Not being a document under the Takeover Code, the circular dated 4-Jun-07 falls short of the disclosure that would be required by the code. It does, however, contain a letter from "independent" financial adviser DBS Asia Capital Ltd (DBS). This is the same firm which advised shareholders the last time to accept the offer at $1.38. Those who rejected that advice have been proven right. Parent DBS Bank Ltd, incidentally, is a banker to WKK group. You might think that constitutes a conflict of interest, but they don't.

Webb-site.com warned DBS some weeks ago (without disclosing the amount of our then shareholding) that we would be opposed to the offer. Interestingly, last time around, DBS came up with 15 companies which they regarded as comparable, including 5 loss-makers. This time, there are only 7, of which 2 are loss-making. Vast chunks of the electronics manufacturing industry, including the companies we mentioned above, are omitted. None of the 7 is currently under privatisation offer, so their share prices do not reflect any bid premium which would be needed to secure a privatisation, and DBS does not analyse previous successful privatisations.

Even then, the mean P/E of the 5 profit-makers is 9.64, and the median 8.84. which justifies the comments we made above. Indeed, at 8.84-9.64x basic EPS (the measure they used), WKK would be at $3.16-$3.45 without a bid premium, so our valuation is conservative.

Even DBS grudgingly admits that it has a problem:

"If solely based on the PER of the Comparable Companies, the Proposed Distribution per Share may not be seen to be entirely fair and reasonable"

and

"it should be highlighted that the Proposed Distribution per Share does not compare favourably to the prevailing valuations of the Comparable Companies on a PER basis."

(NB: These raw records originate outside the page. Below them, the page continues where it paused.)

(* Let $G=DS(L,P^{core},R)$ be a double spider and let $P$ be a path of length one belonging to $L\cup R$. Suppose at least one of the following holds: (1) $P\in R$, $\deg_G(v_l)\ge\deg_G(v_r)>3$, and the double spider $DS(L,P^{core},R\setminus\{P\})$ (i.e. $G$ with the edge of $P$ and its leaf removed) is strongly antimagic; (2) $P\in L$, $\deg_G(v_l)>\deg_G(v_r)\ge 3$, and the double spider $DS(L\setminus\{P\},P^{core},R)$ has a strongly antimagic labeling $f$ with $\varphi_f(v_l)>\varphi_f(v_r)$. Then $G$ is strongly antimagic.
   Context: For a graph $G=(V,E)$ and a bijection $f:E\to\{1,\dots,|E|\}$, $\varphi_f(u)=\sum_{e\ni u}f(e)$; $f$ is strongly antimagic if the $\varphi_f(u)$ are pairwise distinct over $V$ and $\deg(u)<\deg(v)$ implies $\varphi_f(u)<\varphi_f(v)$; a graph is strongly antimagic if it has such a labeling. A double spider is a tree with exactly two vertices of degree at least $3$, denoted $v_l$ and $v_r$, with the convention $\deg(v_l)\ge\deg(v_r)$. Its edge set is decomposed as $P^{core}\cup L\cup R$, where $P^{core}$ is the unique $v_l$–$v_r$ path, $L$ is the set of maximal paths having $v_l$ as an endpoint and edge-disjoint from $P^{core}$ (each ending at a leaf), and $R$ is the analogous set of paths at $v_r$. The double spider is written $DS(L,P^{core},R)$; the length of a path is its number of edges. *)

theory Defs
  imports Main
begin

definition simple_graph :: "'a set \<Rightarrow> 'a set set \<Rightarrow> bool" where
  "simple_graph V E \<longleftrightarrow> finite V \<and> (\<forall>e\<in>E. \<exists>u v. e = {u, v} \<and> u \<noteq> v \<and> u \<in> V \<and> v \<in> V)"

definition deg :: "'a set set \<Rightarrow> 'a \<Rightarrow> nat" where
  "deg E v = card {e \<in> E. v \<in> e}"

definition connected_graph :: "'a set \<Rightarrow> 'a set set \<Rightarrow> bool" where
  "connected_graph V E \<longleftrightarrow> V \<noteq> {} \<and>
     (\<forall>u\<in>V. \<forall>v\<in>V. (u, v) \<in> {(a, b). {a, b} \<in> E}\<^sup>*)"

definition has_cycle :: "'a set \<Rightarrow> 'a set set \<Rightarrow> bool" where
  "has_cycle V E \<longleftrightarrow> (\<exists>vs. length vs \<ge> 3 \<and> distinct vs \<and> set vs \<subseteq> V \<and>
     (\<forall>i < length vs. {vs ! i, vs ! ((i + 1) mod length vs)} \<in> E))"

definition tree :: "'a set \<Rightarrow> 'a set set \<Rightarrow> bool" where
  "tree V E \<longleftrightarrow> simple_graph V E \<and> connected_graph V E \<and> \<not> has_cycle V E"

definition double_spider :: "'a set \<Rightarrow> 'a set set \<Rightarrow> 'a \<Rightarrow> 'a \<Rightarrow> bool" where
  "double_spider V E vl vr \<longleftrightarrow> tree V E \<and> vl \<in> V \<and> vr \<in> V \<and> vl \<noteq> vr \<and>
     {v \<in> V. deg E v \<ge> 3} = {vl, vr} \<and> deg E vr \<le> deg E vl"

definition vsum :: "'a set set \<Rightarrow> ('a set \<Rightarrow> nat) \<Rightarrow> 'a \<Rightarrow> nat" where
  "vsum E f u = (\<Sum>e\<in>{e \<in> E. u \<in> e}. f e)"

definition strongly_antimagic_labeling :: "'a set \<Rightarrow> 'a set set \<Rightarrow> ('a set \<Rightarrow> nat) \<Rightarrow> bool" where
  "strongly_antimagic_labeling V E f \<longleftrightarrow>
     bij_betw f E {1..card E} \<and>
     inj_on (vsum E f) V \<and>
     (\<forall>u\<in>V. \<forall>v\<in>V. deg E u < deg E v \<longrightarrow> vsum E f u < vsum E f v)"

definition strongly_antimagic :: "'a set \<Rightarrow> 'a set set \<Rightarrow> bool" where
  "strongly_antimagic V E \<longleftrightarrow> (\<exists>f. strongly_antimagic_labeling V E f)"

end

theory Submission
  imports Defs
begin

(*
  Give the pendant edge {c, x} the label 1 and raise every label of a strongly antimagic
  labeling g of G - x by one.  Then every vertex sum grows by exactly its degree in G,
  phi_f(u) = phi_g(u) + deg_G(u), so the new labeling is strongly antimagic as soon as phi_g
  is weakly increasing in deg_G and injective on each degree class of G.  Since g already
  has these properties with respect to the degrees of G - x, they can only fail for c, whose
  degree went up by one, against a vertex u with deg_G(u) = deg_G(c) - 1.  In both cases
  deg_G(u) >= 3, so u is a branch vertex: in case (1) no such u exists because
  deg(vl) >= deg(vr), and in case (2) u = vr, which the hypothesis phi(vl) > phi(vr) covers.
*)

definition shift_labeling :: "'a set \<Rightarrow> ('a set \<Rightarrow> nat) \<Rightarrow> 'a set \<Rightarrow> nat" where
  "shift_labeling e0 g e = (if e = e0 then 1 else g e + 1)"

lemma deg_eq_deg_Diff_edge:
  assumes "finite E" "e \<in> E"
  shows "deg E u = deg (E - {e}) u + (if u \<in> e then 1 else 0)"
proof -
  have "{d \<in> E. u \<in> d} = {d \<in> E - {e}. u \<in> d} \<union> (if u \<in> e then {e} else {})"
    using assms(2) by auto
  then show ?thesis
    using assms(1) by (simp add: deg_def)
qed

lemma vsum_eq_0_if_deg_eq_0:
  assumes "finite E" "deg E u = 0"
  shows "vsum E g u = 0"
proof -
  have "{e \<in> E. u \<in> e} = {}"
    using assms by (simp add: deg_def)
  then show ?thesis
    unfolding vsum_def by (simp only: sum.empty)
qed

lemma deg_le_vsum:
  assumes "\<And>e. e \<in> E \<Longrightarrow> 1 \<le> g e"
  shows "deg E u \<le> vsum E g u"
  using sum_bounded_below[of "{e \<in> E. u \<in> e}" 1 g] assms by (simp add: deg_def vsum_def)

lemma vsum_shift_labeling:
  assumes "finite E" "e0 \<in> E"
  shows "vsum E (shift_labeling e0 g) u = vsum (E - {e0}) g u + deg E u"
proof -
  let ?I = "{e \<in> E - {e0}. u \<in> e}"
  have "{e \<in> E. u \<in> e} = ?I \<union> (if u \<in> e0 then {e0} else {})"
    using assms(2) by auto
  moreover have "(\<Sum>e\<in>?I. shift_labeling e0 g e) = (\<Sum>e\<in>?I. Suc (g e))"
    by (intro sum.cong) (auto simp: shift_labeling_def)
  ultimately have "vsum E (shift_labeling e0 g) u = sum g ?I + card ?I + (if u \<in> e0 then 1 else 0)"
    using assms(1) by (simp add: vsum_def shift_labeling_def sum_Suc)
  then show ?thesis
    using deg_eq_deg_Diff_edge[OF assms] by (simp add: vsum_def deg_def)
qed

lemma bij_betw_shift_labeling:
  assumes "finite E" "e0 \<in> E" and g: "bij_betw g (E - {e0}) {1..card (E - {e0})}"
  shows "bij_betw (shift_labeling e0 g) E {1..card E}"
proof -
  have card_E: "card E = Suc (card (E - {e0}))"
    using card.remove[OF assms(1,2)] .
  have "bij_betw Suc {1..card (E - {e0})} {2..card E}"
    using card_E by (simp add: bij_betw_def image_Suc_atLeastAtMost)
  then have "bij_betw (Suc \<circ> g) (E - {e0}) {2..card E}"
    by (rule bij_betw_trans[OF g])
  moreover have "e \<in> E - {e0} \<Longrightarrow> (Suc \<circ> g) e = shift_labeling e0 g e" for e
    by (simp add: shift_labeling_def)
  ultimately have "bij_betw (shift_labeling e0 g) (E - {e0}) {2..card E}"
    using bij_betw_cong by blast
  moreover have "shift_labeling e0 g e0 = 1"
    by (simp add: shift_labeling_def)
  ultimately have "bij_betw (shift_labeling e0 g) (E - {e0} \<union> {e0}) ({2..card E} \<union> {1})"
    using notIn_Un_bij_betw[of e0 "E - {e0}" "shift_labeling e0 g" "{2..card E}"] by simp
  moreover have "E - {e0} \<union> {e0} = E" "{2..card E} \<union> {1} = {1..card E}"
    using assms(2) card_E by auto
  ultimately show ?thesis
    by simp
qed

lemma strongly_antimagic_labeling_shift_labeling:
  fixes V :: "'a set" and E :: "'a set set"
  assumes "finite E" "e0 \<in> E"
    and bij: "bij_betw g (E - {e0}) {1..card (E - {e0})}"
    and mono: "\<And>u v. u \<in> V \<Longrightarrow> v \<in> V \<Longrightarrow> deg E u < deg E v \<Longrightarrow>
                 vsum (E - {e0}) g u \<le> vsum (E - {e0}) g v"
    and inj: "\<And>u v. u \<in> V \<Longrightarrow> v \<in> V \<Longrightarrow> deg E u = deg E v \<Longrightarrow>
                 vsum (E - {e0}) g u = vsum (E - {e0}) g v \<Longrightarrow> u = v"
  shows "strongly_antimagic_labeling V E (shift_labeling e0 g)"
proof -
  note vsum_f = vsum_shift_labeling[OF assms(1,2), of g]
  have strict: "vsum E (shift_labeling e0 g) u < vsum E (shift_labeling e0 g) v"
    if "u \<in> V" "v \<in> V" "deg E u < deg E v" for u v
    using mono[OF that] that(3) vsum_f[of u] vsum_f[of v] by simp
  have "inj_on (vsum E (shift_labeling e0 g)) V"
  proof (rule inj_onI)
    fix u v
    assume uv: "u \<in> V" "v \<in> V"
      and eq: "vsum E (shift_labeling e0 g) u = vsum E (shift_labeling e0 g) v"
    then have "deg E u = deg E v"
      using strict[of u v] strict[of v u] by (metis less_irrefl linorder_neqE_nat)
    then show "u = v"
      using inj[OF uv] eq vsum_f[of u] vsum_f[of v] by simp
  qed
  then show ?thesis
    using bij_betw_shift_labeling[OF assms(1-3)] strict
    by (simp add: strongly_antimagic_labeling_def)
qed

lemma strongly_antimagic_add_leaf:
  fixes V :: "'a set" and E :: "'a set set"
  assumes "finite E" and e0: "{c, x} \<in> E"
    and deg_x: "deg E x = 1" and deg_c: "2 \<le> deg E c"
    and g: "strongly_antimagic_labeling (V - {x}) (E - {{c, x}}) g"
    and critical: "\<And>u. u \<in> V - {x, c} \<Longrightarrow> deg E u + 1 = deg E c \<Longrightarrow>
                     vsum (E - {{c, x}}) g u \<le> vsum (E - {{c, x}}) g c"
  shows "strongly_antimagic V E"
proof -
  define E' where "E' = E - {{c, x}}"
  have bij_g: "bij_betw g E' {1..card E'}"
    and inj_g: "inj_on (vsum E' g) (V - {x})"
    and mono_g: "\<And>u v. u \<in> V - {x} \<Longrightarrow> v \<in> V - {x} \<Longrightarrow> deg E' u < deg E' v \<Longrightarrow>
                   vsum E' g u < vsum E' g v"
    using g by (auto simp: strongly_antimagic_labeling_def E'_def)
  have "finite E'"
    using \<open>finite E\<close> by (simp add: E'_def)
  have deg_E: "deg E u = deg E' u + (if u \<in> {c, x} then 1 else 0)" for u
    using deg_eq_deg_Diff_edge[OF \<open>finite E\<close> e0] by (simp add: E'_def)
  then have deg_E_c: "deg E c = deg E' c + 1"
    and deg_E_other: "\<And>u. u \<noteq> c \<Longrightarrow> u \<noteq> x \<Longrightarrow> deg E u = deg E' u"
    and "deg E' x = 0"
    using deg_x by auto
  then have vsum_x: "vsum E' g x = 0"
    using vsum_eq_0_if_deg_eq_0[OF \<open>finite E'\<close>] by blast
  have vsum_pos: "0 < vsum E' g v" if "v \<noteq> x" "deg E v = 1" for v
  proof -
    have "1 \<le> g e" if "e \<in> E'" for e
      using bij_g that by (auto simp: bij_betw_def)
    then have "deg E' v \<le> vsum E' g v"
      by (rule deg_le_vsum)
    moreover have "v \<noteq> c"
      using that deg_c by auto
    ultimately show ?thesis
      using deg_E_other[of v] that by simp
  qed
  have mono: "vsum E' g u \<le> vsum E' g v"
    if uv: "u \<in> V" "v \<in> V" and less: "deg E u < deg E v" for u v
  proof -
    consider "u = x" | "v = x" | "u \<noteq> x" "v \<noteq> x" "deg E' u < deg E' v"
      | "u \<noteq> x" "u \<noteq> c" "v = c" "deg E u + 1 = deg E c"
      using less deg_E_c deg_E_other[of u] deg_E_other[of v] by fastforce
    then show ?thesis
    proof cases
      case 1
      then show ?thesis
        by (simp add: vsum_x)
    next
      case 2
      then have "u \<noteq> c" "u \<noteq> x" "deg E u = 0"
        using less deg_x deg_c by auto
      then show ?thesis
        using deg_E_other[of u] vsum_eq_0_if_deg_eq_0[OF \<open>finite E'\<close>] by simp
    next
      case 3
      then show ?thesis
        using mono_g[of u v] uv by simp
    next
      case 4
      then show ?thesis
        using critical[of u] uv by (simp add: E'_def)
    qed
  qed
  have inj: "u = v"
    if uv: "u \<in> V" "v \<in> V" and "deg E u = deg E v" and eq: "vsum E' g u = vsum E' g v" for u v
  proof (rule ccontr)
    assume "u \<noteq> v"
    then have "u \<noteq> x" "v \<noteq> x"
      using vsum_pos[of u] vsum_pos[of v] vsum_x eq \<open>deg E u = deg E v\<close> deg_x by auto
    with \<open>u \<noteq> v\<close> show False
      using inj_onD[OF inj_g eq] uv by blast
  qed
  have "strongly_antimagic_labeling V E (shift_labeling {c, x} g)"
    using bij_g mono inj unfolding E'_def
    by (rule strongly_antimagic_labeling_shift_labeling[OF \<open>finite E\<close> e0])
  then show ?thesis
    unfolding strongly_antimagic_def by blast
qed

lemma finite_edges_if_simple_graph:
  assumes "simple_graph V E"
  shows "finite E"
proof -
  have "E \<subseteq> Pow V" "finite V"
    using assms by (auto simp: simple_graph_def)
  then show ?thesis
    by (meson finite_Pow_iff finite_subset)
qed

theorem lemma3:
  fixes V :: "'a set" and E :: "'a set set" and vl vr x :: 'a
  assumes ds: "double_spider V E vl vr"
    and cases:
      "(x \<in> V \<and> {vr, x} \<in> E \<and> deg E x = 1 \<and>
          deg E vl \<ge> deg E vr \<and> deg E vr > 3 \<and>
          strongly_antimagic (V - {x}) (E - {{vr, x}}))
       \<or> (x \<in> V \<and> {vl, x} \<in> E \<and> deg E x = 1 \<and>
          deg E vl > deg E vr \<and> deg E vr \<ge> 3 \<and>
          (\<exists>f. strongly_antimagic_labeling (V - {x}) (E - {{vl, x}}) f \<and>
               vsum (E - {{vl, x}}) f vl > vsum (E - {{vl, x}}) f vr))"
  shows "strongly_antimagic V E"
proof -
  have "finite E"
    and branch: "\<And>u. u \<in> V \<Longrightarrow> 3 \<le> deg E u \<Longrightarrow> u = vl \<or> u = vr"
    using ds finite_edges_if_simple_graph by (auto simp: double_spider_def tree_def)
  note add_leaf = strongly_antimagic_add_leaf[OF \<open>finite E\<close>]
  from cases show ?thesis
    unfolding strongly_antimagic_def[of "V - {x}"]
  proof (elim disjE conjE exE)
    fix g
    assume "{vr, x} \<in> E" "deg E x = 1" "deg E vr \<le> deg E vl" "3 < deg E vr"
      and "strongly_antimagic_labeling (V - {x}) (E - {{vr, x}}) g"
    moreover have "deg E u + 1 \<noteq> deg E vr" if "u \<in> V - {x, vr}" for u
      using that branch[of u] \<open>deg E vr \<le> deg E vl\<close> \<open>3 < deg E vr\<close> by force
    ultimately show ?thesis
      using add_leaf[of vr x V g] by auto
  next
    fix g
    assume "{vl, x} \<in> E" "deg E x = 1" "deg E vr < deg E vl" "3 \<le> deg E vr"
      and "strongly_antimagic_labeling (V - {x}) (E - {{vl, x}}) g"
      and "vsum (E - {{vl, x}}) g vr < vsum (E - {{vl, x}}) g vl"
    moreover have "u = vr" if "u \<in> V - {x, vl}" "deg E u + 1 = deg E vl" for u
      using that branch[of u] \<open>deg E vr < deg E vl\<close> \<open>3 \<le> deg E vr\<close> by force
    ultimately show ?thesis
      using add_leaf[of vl x V g] by fastforce
  qed
qed

end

In a comparison of price to Net Asset Value, DBS finds the mean of the comparable companies to be a rather inconvenient 1.58, compared with 1.10 in this offer. So instead, it takes the median of 0.87 and concludes that the P/NAV is fair and reasonable. We disagree, but in any event, we accord greater weighting to the earnings.

DBS also trots out the old chestnut about the "limited liquidity" in the shares, which has been in every privatisation document since paper was invented. We don't know of any company which has unlimited liquidity, do you?

On the specific issue, though, the circular (outside of the DBS letter) notes that in the 180 days prior to the offer, the average daily turnover was 798,388 shares or "only 0.1%" of the total issued shares. In fact, that should be 0.113%, or 13% more than they suggest, but in any event, there are about 240 trading days per year, so that equates to 27.1% per year, or almost the entire free float. To put this 0.1% in perspective, Johnson Electric Holdings Ltd (0179), a company 15 times larger, had turnover of 0.205% per day in the same period. So yes, small caps are less liquid then blue chips, but WKK is not unusual in this respect.

After all that, DBS concludes that despite the P/E being far below all of the comparable companies, none of which is under offer, the proposals are fair and reasonable. What did you expect them to say?